A iniciativa Limpar Portugal, que teve lugar em todo o país no passado sábado, permitiu recolher cerca de 170 toneladas de entulho no concelho de Évora, informou o coordenador concelhio do projecto.
Segundo Carlos Borralho, em Évora comparecerem à chamada cerca de 500 voluntários, que “conseguiram recolher 170 toneladas de entulho e um número ainda desconhecido de resíduos de espécie diversa”.
“Só ao longo desta semana é que iremos saber ao certo a quantidade de lixo recolhido e separado nos terrenos, previamente identificados do concelho de Évora em que decorreu esta acção de cidadania”.
Relva sintética, pneus, ópticas de automóveis, electrodomésticos, entulho de obra, peças sanitárias e um sem número de resíduos foi algum do lixo com o qual os voluntários de Évora se depararam, num dia caracterizado pela instabilidade atmosférica.
À chamada para Limpar Portugal também compareceram algumas figuras públicas de Évora, nomeadamente o Presidente da Câmara Municipal, José Ernesto D’Oliveira, que esteve junto às margens da Barragem do Monte Novo, a Governadora Civil do Distrito, Fernanda Ramos, e o eurodeputado e Presidente da Assembleia Municipal, Capoulas Santos, que juntamente com elementos da EPRAL, estiveram nos “percursos do Monfurado” a ajudar à limpeza.
Cerci, Segurança Social, PSP, GNR, Exército, Universidade, Aminata, Bombeiros Voluntários, Câmara Municipal, junta de freguesia dos Canaviais, Senhora da Saúde, Malagueira, Governo Civil, CCDRA, IPJ, CEAI, LPN, Banco do Voluntariado da Fundação Eugénio de Almeida, Quercus, SEPNA GNR, GESAMb, Gesreal, AALCA, APEA, Sociedade Harmonia Eborense, Agrupamento de Escuteiros 890, Diário do Sul, A Defesa, Tipografia Giraldo, Jorge Augusto publicidade, Quinta Monte Novo, AKI, Pingo Doce, Modelo, EDP, e REN foram algumas das entidades que também marcaram presença nesta jornada de solidariedade pelo meio ambiente de Portugal.

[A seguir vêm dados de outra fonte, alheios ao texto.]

text \<open>Removing the copies of \<open>n\<close> identifies the multisets counted by \<open>good_multisets n\<close>
  with the multisets of size at most \<open>n\<close> on \<open>{1..n-1}\<close> in which no element occurs exactly
  once. Choosing the \<open>k\<close> elements that occur, each with multiplicity at least 2, there are
  \<open>\<Sum>k. C(n-1,k) C(n-k,k)\<close> of them. Zeilberger's algorithm gives a three-term recurrence
  for these sums, and the coefficients of \<open>G = gf_A005773\<close> satisfy the same recurrence,
  because \<open>R = 1 + 2G = sqrt((1+z)/(1-3z))\<close> solves \<open>(1 - 2z - 3z\<^sup>2) R' = 2R\<close>.
  Both sequences start with 1, 2.\<close>

section \<open>The generating function\<close>

lemma sqrt_A005773_squared: "sqrt_A005773 ^ 2 = 1 - 2 * fps_X - 3 * fps_X ^ 2"
proof -
  let ?a = "1 - 2 * fps_X - 3 * fps_X ^ 2 :: real fps"
  have "fps_nth ?a 0 = 1" by simp
  then have "fps_radical (\<lambda>k x. root k x) (Suc 1) ?a ^ Suc 1 = ?a"
    using power_radical[of ?a "\<lambda>k x. root k x" 1] by simp
  then show ?thesis
    unfolding sqrt_A005773_def by (simp add: numeral_2_eq_2)
qed

lemma sqrt_A005773_eq: "sqrt_A005773 = (1 - 3 * fps_X) * (1 + 2 * gf_A005773)"
proof -
  have "fps_nth (6 * fps_X - 2 :: real fps) 0 \<noteq> 0" by simp
  then have "gf_A005773 * (6 * fps_X - 2) = 1 - 3 * fps_X - sqrt_A005773"
    unfolding gf_A005773_def by (intro fps_times_divide_eq fps_nonzeroI[of _ 0]) simp_all
  then show ?thesis
    by (simp add: algebra_simps)
qed

lemma gf_A005773_quadratic: "(1 - 3 * fps_X) * (1 + 2 * gf_A005773) ^ 2 = 1 + fps_X"
proof -
  have "(1 - 3 * fps_X) * ((1 - 3 * fps_X) * (1 + 2 * gf_A005773) ^ 2) = sqrt_A005773 ^ 2"
    unfolding sqrt_A005773_eq power_mult_distrib by (simp only: power2_eq_square mult.assoc)
  also have "\<dots> = (1 - 3 * fps_X) * (1 + fps_X)"
    unfolding sqrt_A005773_squared by (simp add: algebra_simps power2_eq_square)
  finally show ?thesis
    using mult_left_cancel[OF fps_nonzeroI[of "1 - 3 * fps_X :: real fps" 0]] by simp
qed

lemma fps_deriv_eq_of_quadratic:
  fixes R :: "real fps"
  assumes quadratic: "(1 - 3 * fps_X) * R ^ 2 = 1 + fps_X"
  shows "(1 - 2 * fps_X - 3 * fps_X ^ 2) * fps_deriv R = 2 * R"
proof -
  let ?c = "1 - 3 * fps_X :: real fps"
  have "fps_deriv (?c * R ^ 2) = ?c * (2 * R * fps_deriv R) - 3 * R ^ 2"
    by (simp add: power2_eq_square algebra_simps)
  then have derived: "?c * (2 * R * fps_deriv R) = 1 + 3 * R ^ 2"
    unfolding quadratic by (simp add: algebra_simps)
  have "2 * (?c ^ 2 * R * fps_deriv R) = ?c * (?c * (2 * R * fps_deriv R))"
    by (simp add: power2_eq_square algebra_simps)
  also have "\<dots> = ?c + 3 * (?c * R ^ 2)"
    unfolding derived by (simp add: algebra_simps)
  also have "\<dots> = 2 * 2"
    unfolding quadratic by (simp add: algebra_simps)
  finally have "2 * (?c ^ 2 * R * fps_deriv R) = 2 * 2" .
  moreover have "(2 :: real fps) \<noteq> 0"
    by simp
  ultimately have product: "?c ^ 2 * R * fps_deriv R = 2"
    using mult_left_cancel by blast
  have "?c * (?c * R ^ 2) * fps_deriv R = (?c ^ 2 * R * fps_deriv R) * R"
    by (simp add: power2_eq_square mult_ac)
  then have "?c * (?c * R ^ 2) * fps_deriv R = 2 * R"
    unfolding product .
  moreover have "?c * (1 + fps_X) = 1 - 2 * fps_X - 3 * fps_X ^ 2"
    by (simp add: power2_eq_square algebra_simps)
  ultimately show ?thesis
    unfolding quadratic by simp
qed
lemma fps_abs_summable_const: "fps_abs_summable R (fps_const c)"
  by (rule fps_abs_summableI[OF fps_abs_psum_const])

lemma fps_abs_summable_1: "fps_abs_summable R 1"
  using fps_abs_summable_const[of 1] by simp

lemma fps_abs_summable_X: "fps_abs_summable R fps_X"
proof (rule fps_abs_summableI)
  fix N
  have "fps_abs_psum R N fps_X = (\<Sum>n\<in>{..<N} \<inter> {1}. R)"
    unfolding fps_abs_psum_def using R_nonneg by (intro sum.mono_neutral_cong_right) auto
  also have "\<dots> \<le> R" using R_nonneg by (cases "1 < N") auto
  finally show "fps_abs_psum R N fps_X \<le> R" .
qed

lemma fps_abs_summable_inverse:
  assumes f0: "f $ 0 = 0" and small: "\<And>N. fps_abs_psum R N f \<le> c" and "c < 1"
  shows "fps_abs_summable R (inverse (1 - f))"
proof (rule fps_abs_summableI)
  fix N
  let ?h = "inverse (1 - f)"
  have "?h * (1 - f) = 1" using f0 by (intro inverse_mult_eq_1) simp
  then have "?h = 1 + f * ?h" by (simp add: algebra_simps)
  then have "fps_abs_psum R N ?h \<le> fps_abs_psum R N 1 + fps_abs_psum R N f * fps_abs_psum R N ?h"
    by (metis add_left_mono fps_abs_psum_add fps_abs_psum_mult order_trans)
  also have "\<dots> \<le> 1 + c * fps_abs_psum R N ?h"
    using fps_abs_psum_const[where c=1, unfolded fps_const_1_eq_1] small fps_abs_psum_nonneg
    by (intro add_mono mult_right_mono) simp_all
  finally show "fps_abs_psum R N ?h \<le> 1 / (1 - c)"
    using \<open>c < 1\<close> by (simp add: field_simps)
qed

end

lemmas fps_abs_summable_intros =
  fps_abs_summable_add fps_abs_summable_diff fps_abs_summable_uminus fps_abs_summable_mult
  fps_abs_summable_const fps_abs_summable_1 fps_abs_summable_X

context
  fixes R z :: real and f :: "real fps"
  assumes f: "fps_abs_summable R f" and z: "\<bar>z\<bar> \<le> R"
begin

lemma summable_norm_fps_terms: "summable (\<lambda>n. norm (f $ n * z ^ n))"
proof (rule summable_comparison_test[OF _ f[unfolded fps_abs_summable_def]])
  have "\<bar>z\<bar> ^ n \<le> R ^ n" for n using z by (intro power_mono) auto
  then show "\<exists>N. \<forall>n\<ge>N. norm (norm (f $ n * z ^ n)) \<le> \<bar>f $ n\<bar> * R ^ n"
    by (intro exI[of _ 0] allI impI) (simp add: abs_mult power_abs mult_left_mono)
qed

lemma sums_eval_fps: "(\<lambda>n. f $ n * z ^ n) sums eval_fps f z"
  unfolding eval_fps_def by (rule summable_sums[OF summable_norm_cancel[OF summable_norm_fps_terms]])

lemma abs_eval_fps_le:
  assumes "\<And>N. fps_abs_psum R N f \<le> B"
  shows "\<bar>eval_fps f z\<bar> \<le> B"
proof -
  have "\<bar>eval_fps f z\<bar> \<le> (\<Sum>n. norm (f $ n * z ^ n))"
    unfolding eval_fps_def using summable_norm[OF summable_norm_fps_terms] by simp
  also have "\<dots> \<le> B"
  proof (rule suminf_le_const[OF summable_norm_fps_terms])
    fix N
    have "\<bar>z\<bar> ^ n \<le> R ^ n" for n using z by (intro power_mono) auto
    then have "(\<Sum>n<N. norm (f $ n * z ^ n)) \<le> fps_abs_psum R N f"
      unfolding fps_abs_psum_def by (intro sum_mono) (simp add: abs_mult power_abs mult_left_mono)
    then show "(\<Sum>n<N. norm (f $ n * z ^ n)) \<le> B" using assms order_trans by blast
  qed
  finally show ?thesis .
qed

Segundo dados nacionais, cerca de 100 mil voluntários recolheram no sábado, em nome da iniciativa "Limpar Portugal", mais de 70 mil toneladas de lixo por todo o país. "O tempo dificultou um bocado, mas apesar disso conseguimos reunir os 100 mil voluntários que queríamos. As opiniões técnicas é que conseguimos recolher 70 mil toneladas de lixo", relatou Paulo Torres, um dos três coordenadores nacionais e mentores do projeto. Dentro de dias, sublinhou, os aterros sanitários e as entidades de reciclagem poderão confirmar os números com mais precisão.
A ideia de recolher resíduos espalhados nas matas surgiu em Julho passado, quando o técnico de logística Nuno Mendes, de 38 anos e residente em Vila Nova de Famalicão, publicou no fórum da Internet do clube LandMania (para fãs de veículos Land Rover) um vídeo sobre um projecto concretizado em toda a Estónia, onde se reuniu mais de 10 mil toneladas de lixo.
A legenda "Para quando em Portugal?" suscitou de imediato o interesse dos associados Rui Marinho, com 43 anos e gerente de uma empresa de produtos químicos em Santo Tirso, e Paulo Torres, empresário de comércio de 50 anos e morador em Braga.
Nenhum tinha até então estado envolvido em associações ambientais, mas todos partilhavam uma preocupação: o lixo que encontravam durante os passeios em todo-o-terreno, desde pára-choques, pneus, resíduos industriais e entulhos de obras a electrodomésticos e sofás.
Com uma rápida divulgação na Internet, o projecto acabou por ganhar a atenção da comunicação social, das autarquias, de empresas públicas e privadas, do Ministério do Ambiente (que concedeu apoio logístico e jurídico) e da Presidência da República, que lhe atribuiu o alto patrocínio.
Os mentores acreditam que o facto de este ser um movimento cívico, que não aceita dinheiro, foi crucial para o envolvimento "espectacular" da sociedade, que resultou na identificação de cerca de 13000 pontos com lixo em todo o país, entre florestas e terrenos urbanos.